The New West Progressives are hoping to capitalize on what they believe is a desire for change on the city’s governing bodies.
The electors group, which ran a slate of candidates for city council and school board in the 2018 civic election, is gearing up for the Oct. 15, 2022 election. While it expects to announce its entire team of candidates in May, it may announce some even sooner.
“Some of them are chomping at the bit to get going,” said Daniel Fontaine, president of the New West Progressives.
Fontaine said some folks have already submitted their paperwork to run, but the NWP is still actively looking for candidates.
The New West Progressives didn’t have a lot of time to organize before the 2018 election, but Fontaine said they’ve been meeting almost monthly ever since.
“I think in the second go-around, just based on the level of interest on things like fundraisers and candidates and email inquiries and website hits, all the things that are happening, we are going into this election much stronger than we did in the last one,” he said. “I think we are going to do much better.

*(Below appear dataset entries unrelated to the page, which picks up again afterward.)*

lemma Phi_f_pow_diagonal:
  assumes P: "matr Phi = mat2 (cvec \<alpha>) (cvec 0) (cvec 0) (cvec \<delta>)" and d: "(a, b) \<in> Dm f"
  shows "((Phi ^^ f) ^^ i) (a, b) = (\<lambda>j. (\<alpha> ^ f) ^ i * a j, \<lambda>j. (\<delta> ^ f) ^ i * b j)"
proof (induct i)
  case 0 thus ?case by simp
next
  case (Suc i)
  have "((\<lambda>j. (\<alpha> ^ f) ^ i * a j), (\<lambda>j. (\<delta> ^ f) ^ i * b j)) \<in> Dm f"
    using d by (auto simp: Dm_iff Ef_def)
  moreover have "a (j + f) = a j" "b (j + f) = b j" for j using d by (auto simp: Dm_iff Ef_def)
  ultimately show ?case using Suc Phi_pow_diagonal[OF P] by (simp add: algebra_simps)
qed

lemma op_poly_diagonal:
  assumes P: "matr Phi = mat2 (cvec \<alpha>) (cvec 0) (cvec 0) (cvec \<delta>)" and d: "(a, b) \<in> Dm f"
  shows "op_poly q (Phi ^^ f) (a, b) = (\<lambda>j. poly q (\<alpha> ^ f) * a j, \<lambda>j. poly q (\<delta> ^ f) * b j)"
  unfolding op_poly_def Phi_f_pow_diagonal[OF P d] poly_altdef
  by (simp add: sum_distrib_right sum_distrib_left algebra_simps)

lemma scalar_F_scalar:
  assumes nz: "\<alpha> \<noteq> 0" and P: "matr Phi = mat2 (cvec \<alpha>) (cvec 0) (cvec 0) (cvec \<alpha>)"
  shows "F_scalar f Phi"
  unfolding F_scalar_def
proof (intro exI conjI ballI)
  show "\<alpha> ^ f \<noteq> 0" using nz by simp
  fix d :: "'e dm" assume "d \<in> Dm f"
  then show "(Phi ^^ f) d = smult_d (cvec (\<alpha> ^ f)) d"
    using Phi_f_pow_diagonal[OF P, of "fst d" "snd d" 1] by (simp add: smult_d_def)
qed

text \<open>A diagonal Frobenius is killed by the squarefree polynomial (X - alpha^f)(X - delta^f),
  or by X - alpha^f if the two powers coincide.\<close>
lemma diagonal_F_semisimple:
  assumes P: "matr Phi = mat2 (cvec \<alpha>) (cvec 0) (cvec 0) (cvec \<delta>)"
  shows "F_semisimple f Phi"
proof -
  define q where "q = (if \<alpha> ^ f = \<delta> ^ f then [:-(\<alpha> ^ f), 1:] else [:-(\<alpha> ^ f), 1:] * [:-(\<delta> ^ f), 1:])"
  have "q \<noteq> 0" "squarefree q"
    unfolding q_def using squarefree_linear squarefree_two_linear by auto
  moreover have "poly q (\<alpha> ^ f) = 0" "poly q (\<delta> ^ f) = 0" by (simp_all add: q_def)
  hence "op_poly q (Phi ^^ f) d = zero_d" if "d \<in> Dm f" for d
    using op_poly_diagonal[OF P, of "fst d" "snd d" q] that by (simp add: zero_d_def cvec_def)
  ultimately show ?thesis unfolding F_semisimple_def by blast
qed


context
  assumes std: "std_basis p f Phi N"
begin

lemma std_shapes:
  obtains (distinct) \<alpha> \<delta> where "\<alpha> \<noteq> 0" "\<delta> \<noteq> 0" "\<alpha> ^ f \<noteq> \<delta> ^ f"
      "matr Phi = mat2 (cvec \<alpha>) (cvec 0) (cvec 0) (cvec \<delta>)"
  | (scalar) \<alpha> where "\<alpha> \<noteq> 0" "matr Phi = mat2 (cvec \<alpha>) (cvec 0) (cvec 0) (cvec \<alpha>)"
  | (jordan) \<alpha> where "\<alpha> \<noteq> 0" "matr Phi = mat2 (cvec \<alpha>) (cvec 0) (cvec 1) (cvec \<alpha>)"
  using std unfolding std_basis_def by blast
(* Let $\mathcal A$ be a (commutative or noncommutative, unital, nonzero) ring. Then $\mathcal A$ as a $\mathbb Z$-algebra is strongly simple if and only if $\mathcal A\simeq\mathbb Z/p\mathbb Z$ for some prime $p$.
   Context: An additive subgroup $M$ of a ring $\mathcal A$ is a (two-sided) Mathieu subspace if whenever $a\in\mathcal A$ satisfies $a^m\in M$ for all $m\ge1$, then for all $b,c\in\mathcal A$ there is $N$ with $ba^mc\in M$ for all $m\ge N$. $\mathcal A$ is strongly simple (as a $\mathbb Z$-algebra) if its only Mathieu subspaces are $0$ and $\mathcal A$. *)

theory Defs
  imports "HOL-Number_Theory.Residues" "HOL-Algebra.QuotRing"
begin

definition additive_subgroup :: "('a::ring_1) set \<Rightarrow> bool" where
  "additive_subgroup M \<longleftrightarrow> 0 \<in> M \<and> (\<forall>x\<in>M. \<forall>y\<in>M. x + y \<in> M) \<and> (\<forall>x\<in>M. - x \<in> M)"

text \<open>Two-sided Mathieu subspace (as a Z-algebra, i.e. an additive subgroup).\<close>
definition mathieu_subspace :: "('a::ring_1) set \<Rightarrow> bool" where
  "mathieu_subspace M \<longleftrightarrow> additive_subgroup M \<and>
     (\<forall>a. (\<forall>m::nat. m \<ge> 1 \<longrightarrow> a ^ m \<in> M) \<longrightarrow>
        (\<forall>b c. \<exists>N. \<forall>m\<ge>N. b * a ^ m * c \<in> M))"

definition strongly_simple :: "'a::ring_1 itself \<Rightarrow> bool" where
  "strongly_simple _ \<longleftrightarrow> (\<forall>M::'a set. mathieu_subspace M \<longrightarrow> M = {0} \<or> M = UNIV)"

definition type_ring :: "('a::ring_1) ring" where
  "type_ring = \<lparr>carrier = UNIV, monoid.mult = (*), one = 1, zero = 0, add = (+)\<rparr>"

end

theory Submission
  imports Defs
begin
lemma equidistant_line_mem_lines:
  assumes "L1 \<in> lines" "L2 \<in> lines" "L1 \<noteq> L2" "is_line L"
    and L: "L \<subseteq> {z. infdist z L1 = infdist z L2}"
  shows "L \<in> lines"
proof -
  obtain A1 B1 C1 where L1: "L1 = line_eq A1 B1 C1" and AB1: "A1 \<noteq> 0 \<or> B1 \<noteq> 0"
    and S1: "A1 \<in> S" "B1 \<in> S" "C1 \<in> S"
    using assms(1) by (rule linesE)
  obtain A2 B2 C2 where L2: "L2 = line_eq A2 B2 C2" and AB2: "A2 \<noteq> 0 \<or> B2 \<noteq> 0"
    and S2: "A2 \<in> S" "B2 \<in> S" "C2 \<in> S"
    using assms(2) by (rule linesE)
  obtain p q where "p \<noteq> q" and L_eq: "L = line_through p q"
    using \<open>is_line L\<close> unfolding is_line_def by blast
  define n1 where "n1 = sqrt (A1\<^sup>2 + B1\<^sup>2)"
  define n2 where "n2 = sqrt (A2\<^sup>2 + B2\<^sup>2)"
  have "n1 > 0" "n2 > 0"
    using AB1 AB2 unfolding n1_def n2_def by (simp_all add: sum_power2_gt_zero_iff)
  obtain s :: real where s: "s = 1 \<or> s = -1"
    and sub: "L \<subseteq> line_eq (A1 / n1 - s * A2 / n2) (B1 / n1 - s * B2 / n2) (C1 / n1 - s * C2 / n2)"
    using equidistant_line_subset_bisector[OF AB1 AB2 \<open>is_line L\<close> L[unfolded L1 L2]]
    unfolding n1_def n2_def by blast
  show ?thesis
  proof (cases "A1 / n1 - s * A2 / n2 = 0 \<and> B1 / n1 - s * B2 / n2 = 0")
    case True
    have "p \<in> line_eq (A1 / n1 - s * A2 / n2) (B1 / n1 - s * B2 / n2) (C1 / n1 - s * C2 / n2)"
      using sub L_eq endpoints_mem_line_through by blast
    with True have "C1 / n1 - s * C2 / n2 = 0" unfolding line_eq_def by (simp split: if_splits)
    define k where "k = s * n1 / n2"
    have "k \<noteq> 0" using s \<open>n1 > 0\<close> \<open>n2 > 0\<close> unfolding k_def by auto
    from True \<open>C1 / n1 - s * C2 / n2 = 0\<close> \<open>n1 > 0\<close> \<open>n2 > 0\<close>
    have "A1 = k * A2" "B1 = k * B2" "C1 = k * C2" unfolding k_def by (simp_all add: field_simps)
    with \<open>k \<noteq> 0\<close> have "L1 = L2" unfolding L1 L2 by (simp add: line_eq_scale)
    with \<open>L1 \<noteq> L2\<close> show ?thesis by contradiction
  next
    case False
    moreover have "A1 / n1 - s * A2 / n2 \<in> S" "B1 / n1 - s * B2 / n2 \<in> S" "C1 / n1 - s * C2 / n2 \<in> S"
      using s S1 S2 unfolding n1_def n2_def by (auto intro!: closure_mems)
    ultimately show ?thesis
      using sub \<open>p \<noteq> q\<close> L_eq line_through_subset_line_eq_imp_eq line_eq_mem_lines by metis
  qed
qed

lemma origami_pair_points_lines: "origami_pair points lines"
  unfolding origami_pair_def
proof (intro conjI ballI allI impI)
  fix L1 L2 a b assume "L1 \<in> lines" "L2 \<in> lines" "a \<noteq> b \<and> L1 = line_through a b"
  then obtain a' b' where "a' \<noteq> b'" "a' \<in> points" "b' \<in> points" "L1 = line_through a' b'"
    using lines_through_points by metis
  with \<open>a \<noteq> b \<and> L1 = line_through a b\<close> have "reflect_across a b = reflect_across a' b'"
    using reflect_across_cong by metis
  with \<open>L2 \<in> lines\<close> show "reflect_across a b ` L2 \<in> lines"
    using reflect_across_image_mem_lines \<open>a' \<noteq> b'\<close> \<open>a' \<in> points\<close> \<open>b' \<in> points\<close> by simp
qed (auto intro: is_line_if_mem_lines intersection_mem_points line_through_mem_lines
    perp_bisector_mem_lines equidistant_line_mem_lines)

We almost elected two people to school board.”
In the 2018 election, candidates running as part of Team Cote, all of whom were endorsed by the New Westminster and District Labour Council, won the mayor’s seat, all six councillor seats and five of seven seats on the school board (an independent and a New West Progressive – Danielle Connolly – were elected to school board.)
“It’s definitely a mood of change,” Fontaine said. “I think that we haven’t seen that in a long time. But it’s not atypical when a government has been in power as long as this one has and a political group has been in charge as long as they have. The pendulum swings, and people do look for new faces and for change.”
In 2018, a New West Progressives candidate placed eighth in the school board race. It’s candidates also claimed the seventh through tenth spots on city council.
Fontaine said he’s sensing a lot of frustration in the community around issues such as closure of the Canada Games Pool, public safety in the downtown, and rising property taxes.
Not the only slate in town
Earlier this month, a new party called Together New West formed, with Mayor Jonathan Cote and school board chair Gurveen Dhaliwal being among those involved. (Dhaliwal previously told the Record the New Westminster and District Labour Council had been a stakeholder in the development of the party but it will be do its own independent endorsement process, as it does in each election.)
The party got off to a rocky start with its name selection, as the Downtown New Westminster Business Improvement Association had previously launched a Together New West campaign in 2020 and opposed the party’s use of that name. Last week, the BIA expressed concern after the party declined to change its name and it stated it was exploring all possible options, including legal, to determine next steps.
“We have the city effectively fighting our own business community,” Fontaine said. “It’s just a total mess. I don’t know how else to describe it.”
Fontaine said he was disturbed by the fact that the group offered no apology or acknowledgment about the impacts its chosen name could have on the Downtown New West BIA, aside from Cote. (Last week, Cote took to social media to apologize to the BIA and to express disappointment that the party executive had decided not to work with BIA to fully address the legitimate concerns they have raised.)
“Something that should have been as basic as a Google search or a walk through downtown New West to understand that they were taking intellectual property of an organization who has been hit hard by COVID,” Fontaine said. “Anyone with a simple bit of research could have figured out that they were stepping on something that they shouldn’t have.”
Instead of acknowledging their mistake, pulling back and rethinking their name, Fontaine said Together New West doubled down and said it wouldn’t change its name. He said there’s a name that’s available for the new party, and it’s one that acknowledges its connections to labour organizations.
“They are on a slate with the district labour council’s support. You don’t get on that slate unless you have support from the district labour council, and everybody in the city knows that,” he said. “So just be clean, come out and be honest with voters. Call yourself what you are and nobody else, nobody else is going to take that name.”